Hadrian sat up. His clothes were wet. Around him droplets fell, cascading down the walls. Looking across the shaft, he could see a clear division between a bright level of ice and snow and a much darker level of damp stone. “It’s warmer,” he said.
“We need to keep going,” Royce told them. “The light is fading. Anyone want to do this holding a torch?”

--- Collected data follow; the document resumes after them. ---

lemma bij_betw_cube_Pow:
  "bij_betw (\<lambda>a. {i \<in> {..<s}. a i = 1}) (cube s) (Pow {..<s})"
proof (rule bij_betwI')
  fix a b
  assume a: "a \<in> cube s" and b: "b \<in> cube s"
  show "({i \<in> {..<s}. a i = 1} = {i \<in> {..<s}. b i = 1}) = (a = b)"
  proof
    assume same: "{i \<in> {..<s}. a i = 1} = {i \<in> {..<s}. b i = 1}"
    have "a i = b i" if "i \<in> {0..<s}" for i
    proof -
      have "a i = 1 \<longleftrightarrow> b i = 1"
        using same that by (auto simp: set_eq_iff)
      then show ?thesis
        using that cube_values[OF a, of i] cube_values[OF b, of i] by auto
    qed
    then show "a = b"
      using PiE_ext[of a "{0..<s}" "\<lambda>_. {0, 1}" b] a b unfolding cube_def by blast
  qed simp
next
  fix B
  assume "B \<in> Pow {..<s}"
  define a :: "nat \<Rightarrow> nat" where "a = restrict (\<lambda>i. of_bool (i \<in> B)) {0..<s}"
  have "a \<in> cube s"
    unfolding a_def cube_def by (simp add: Pi_iff)
  moreover have "B = {i \<in> {..<s}. a i = 1}"
    using \<open>B \<in> Pow {..<s}\<close> unfolding a_def by auto
  ultimately show "\<exists>a\<in>cube s. B = {i \<in> {..<s}. a i = 1}"
    by blast
qed auto

lemma card_cube: "card (cube s) = 2^s"
  using bij_betw_same_card[OF bij_betw_cube_Pow] by (simp add: card_Pow)

lemma finite_cube: "finite (cube s)"
  unfolding cube_def by (simp add: finite_PiE)

lemma card_cube_weight: "card {a \<in> cube s. (\<Sum>i<s. a i) = k} = s choose k"
proof -
  let ?ones = "\<lambda>a :: nat \<Rightarrow> nat. {i \<in> {..<s}. a i = 1}"
  have "?ones ` {a \<in> cube s. (\<Sum>i<s. a i) = k} = {B. B \<subseteq> {..<s} \<and> card B = k}"
  proof
    show "?ones ` {a \<in> cube s. (\<Sum>i<s. a i) = k} \<subseteq> {B. B \<subseteq> {..<s} \<and> card B = k}"
      by (auto simp: sum_cube_eq_card)
  next
    show "{B. B \<subseteq> {..<s} \<and> card B = k} \<subseteq> ?ones ` {a \<in> cube s. (\<Sum>i<s. a i) = k}"
    proof
      fix B
      assume B: "B \<in> {B. B \<subseteq> {..<s} \<and> card B = k}"
      then obtain a where "a \<in> cube s" and "B = ?ones a"
        using bij_betw_imp_surj_on[OF bij_betw_cube_Pow, of s] by blast
      with B show "B \<in> ?ones ` {a \<in> cube s. (\<Sum>i<s. a i) = k}"
        by (auto simp: sum_cube_eq_card)
    qed
  qed
  then have "bij_betw ?ones {a \<in> cube s. (\<Sum>i<s. a i) = k} {B. B \<subseteq> {..<s} \<and> card B = k}"
    by (intro bij_betw_subset[OF bij_betw_cube_Pow]) auto
  then show ?thesis
    by (simp add: bij_betw_same_card n_subsets)
qed

lemma sum_cube_le:
  assumes "a \<in> cube s"
  shows "(\<Sum>i<s. a i) \<le> s"
proof -
  have "card {i \<in> {..<s}. a i = 1} \<le> card {..<s}"
    by (intro card_mono) auto
  then show ?thesis
    by (simp add: sum_cube_eq_card[OF assms])
qed

lemma card_fiber_eq_sum_binomial:
  "card (fiber K s x) = (\<Sum>i | i \<le> s \<and> i mod K = x. s choose i)"
proof -
  have "fiber K s x = (\<Union>i \<in> {i. i \<le> s \<and> i mod K = x}. {a \<in> cube s. (\<Sum>j<s. a j) = i})"
    using sum_cube_le by (auto simp: fiber_def sum_mod_def)
  moreover have "card (\<Union>i \<in> {i. i \<le> s \<and> i mod K = x}. {a \<in> cube s. (\<Sum>j<s. a j) = i})
      = (\<Sum>i | i \<le> s \<and> i mod K = x. card {a \<in> cube s. (\<Sum>j<s. a j) = i})"
    by (rule card_UN_disjoint) (auto simp: finite_cube)
  ultimately show ?thesis
    by (simp add: card_cube_weight)
qed

lemma sum_card_fiber:
  assumes "0 < K"
  shows "(\<Sum>z<K. card (fiber K s z)) = 2^s"
proof -
  have "cube s = (\<Union>z<K. fiber K s z)"
    using assms by (auto simp: fiber_def sum_mod_def)
  moreover have "card (\<Union>z<K. fiber K s z) = (\<Sum>z<K. card (fiber K s z))"
    by (rule card_UN_disjoint) (auto simp: fiber_def finite_cube)
  ultimately show ?thesis
    using card_cube by metis
qed

lemma card_fiber_le_add_binomial_middle:
  assumes "y < K"
  shows "card (fiber K s x) \<le> card (fiber K s y) + (s choose (s div 2))"
proof -
  define M where "M = s choose (s div 2)"
  define S where "S t = {i \<in> {..s}. t \<le> s choose i}" for t
  have fiber_layers: "card (fiber K s z) = (\<Sum>t\<in>{1..M}. card {i \<in> S t. i mod K = z})" for z
  proof -
    have "card (fiber K s z) = (\<Sum>t\<in>{1..M}. card {i \<in> {i. i \<le> s \<and> i mod K = z}. t \<le> s choose i})"
      unfolding card_fiber_eq_sum_binomial M_def
      by (rule sum_eq_sum_card_superlevel) (auto simp: binomial_maximum)
    also have "\<dots> = (\<Sum>t\<in>{1..M}. card {i \<in> S t. i mod K = z})"
      unfolding S_def by (intro sum.cong refl arg_cong[where f = card]) auto
    finally show ?thesis .
  qed
  have "(\<Sum>t\<in>{1..M}. card {i \<in> S t. i mod K = x}) \<le> (\<Sum>t\<in>{1..M}. Suc (card {i \<in> S t. i mod K = y}))"
  proof (rule sum_mono)
    fix t
    have "{i..j} \<subseteq> S t" if "i \<in> S t" and "j \<in> S t" for i j
      using that min_binomial_le_binomial[of i _ j s] by (fastforce simp: S_def)
    then show "card {i \<in> S t. i mod K = x} \<le> Suc (card {i \<in> S t. i mod K = y})"
      using assms by (intro card_residue_class_le_Suc) (auto simp: S_def)
  qed
  also have "\<dots> = (\<Sum>t\<in>{1..M}. card {i \<in> S t. i mod K = y}) + M"
    by (simp add: sum_Suc)
  finally show ?thesis
    by (simp only: fiber_layers M_def)
qed

lemma two_pow_le_card_fiber:
  assumes "y < K"
  shows "2^s \<le> K * card (fiber K s y) + (K - 1) * (s choose (s div 2))"
proof -
  have "2^s = card (fiber K s y) + (\<Sum>z\<in>{..<K} - {y}. card (fiber K s z))"
    using assms sum_card_fiber[of K s] by (simp add: sum.remove)
  also have "\<dots> \<le> card (fiber K s y) + (\<Sum>z\<in>{..<K} - {y}. card (fiber K s y) + (s choose (s div 2)))"
    using assms by (intro add_left_mono sum_mono card_fiber_le_add_binomial_middle)
  also have "\<dots> = K * card (fiber K s y) + (K - 1) * (s choose (s div 2))"
    using assms by (cases K) (auto simp: algebra_simps)
  finally show ?thesis .
qed

lemma sqrt_mult_binomial_middle_le:
  "5 * sqrt (real s) * real (s choose (s div 2)) \<le> 4 * (2^s + real (s choose (s div 2)))"
proof (rule power2_le_imp_le)
  define M where "M = real (s choose (s div 2))"
  have "real (25 * s * (s choose (s div 2))^2) \<le> real (16 * (2^s + (s choose (s div 2)))^2)"
    using binomial_middle_sq_le[of s] by (simp only: of_nat_le_iff)
  then have "(5 * sqrt s * M)^2 \<le> 16 * (2^s + M)^2"
    by (simp add: M_def power_mult_distrib)
  also have "\<dots> = (4 * (2^s + M))^2"
    by (simp only: power_mult_distrib) simp
  finally show "(5 * sqrt s * M)^2 \<le> (4 * (2^s + M))^2" .
qed simp

lemma sqrt_mult_binomial_middle_le_card_fiber:
  assumes "y < K" and "K^2 \<le> s"
  shows "sqrt (real s) * real (s choose (s div 2)) \<le> 4 * real K * real (card (fiber K s y))"
proof -
  define M where "M = real (s choose (s div 2))"
  define N where "N = real (card (fiber K s y))"
  have "real K \<le> sqrt s"
    using assms(2) by (intro real_le_rsqrt) (simp flip: of_nat_power)
  then have "K * M \<le> sqrt s * M"
    by (simp add: M_def mult_right_mono)
  moreover have "2^s \<le> K * N + K * M - M"
  proof -
    have "real (2^s) \<le> real (K * card (fiber K s y) + (K - 1) * (s choose (s div 2)))"
      using two_pow_le_card_fiber[OF assms(1), of s] by (simp only: of_nat_le_iff)
    then show ?thesis
      using assms(1) by (simp add: N_def M_def of_nat_diff left_diff_distrib)
  qed
  moreover have "5 * sqrt s * M \<le> 4 * (2^s + M)"
    unfolding M_def by (rule sqrt_mult_binomial_middle_le)
  ultimately have "sqrt s * M \<le> 4 * real K * N"
    by (simp add: algebra_simps)
  then show ?thesis
    by (simp add: M_def N_def)
qed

“Try and find thicker ledges,” Alric told Wyatt.
“I find what I find.”
The lower they went, the darker it became, regardless of the daylight, which, to Hadrian’s dismay, was fading quickly. They dropped down four more ledges. Their efficiency grew with repetition, but their progress was being hampered by the failing light. The walls were black, while overhead the opening had changed from a brilliant gray to a sickly yellow, with one side dipping into a rosy purple as the sun began to set.
Arista was on the rope, climbing down, when he heard her scream. Hadrian’s heart skipped. He was holding the rope-had it wrapped around his waist-when he felt her weight jerk him.
“Arista!” he shouted.
“I’m all right,” she called up.
“Did you slip?” Alric yelled from farther below.
“I–I put my hand on a bat,” she said.
“Everyone quiet,” Royce ordered.
Hadrian could hear it too, a faint squeaking, but on a massive droning scale. That was followed by a hum, a vibration that bounced within the shaft until it grew to a thunder. The air moved with a mysterious wind, swirling and gusting.
“What’s going on?” Arista called out, her voice hard to hear behind the growing roar.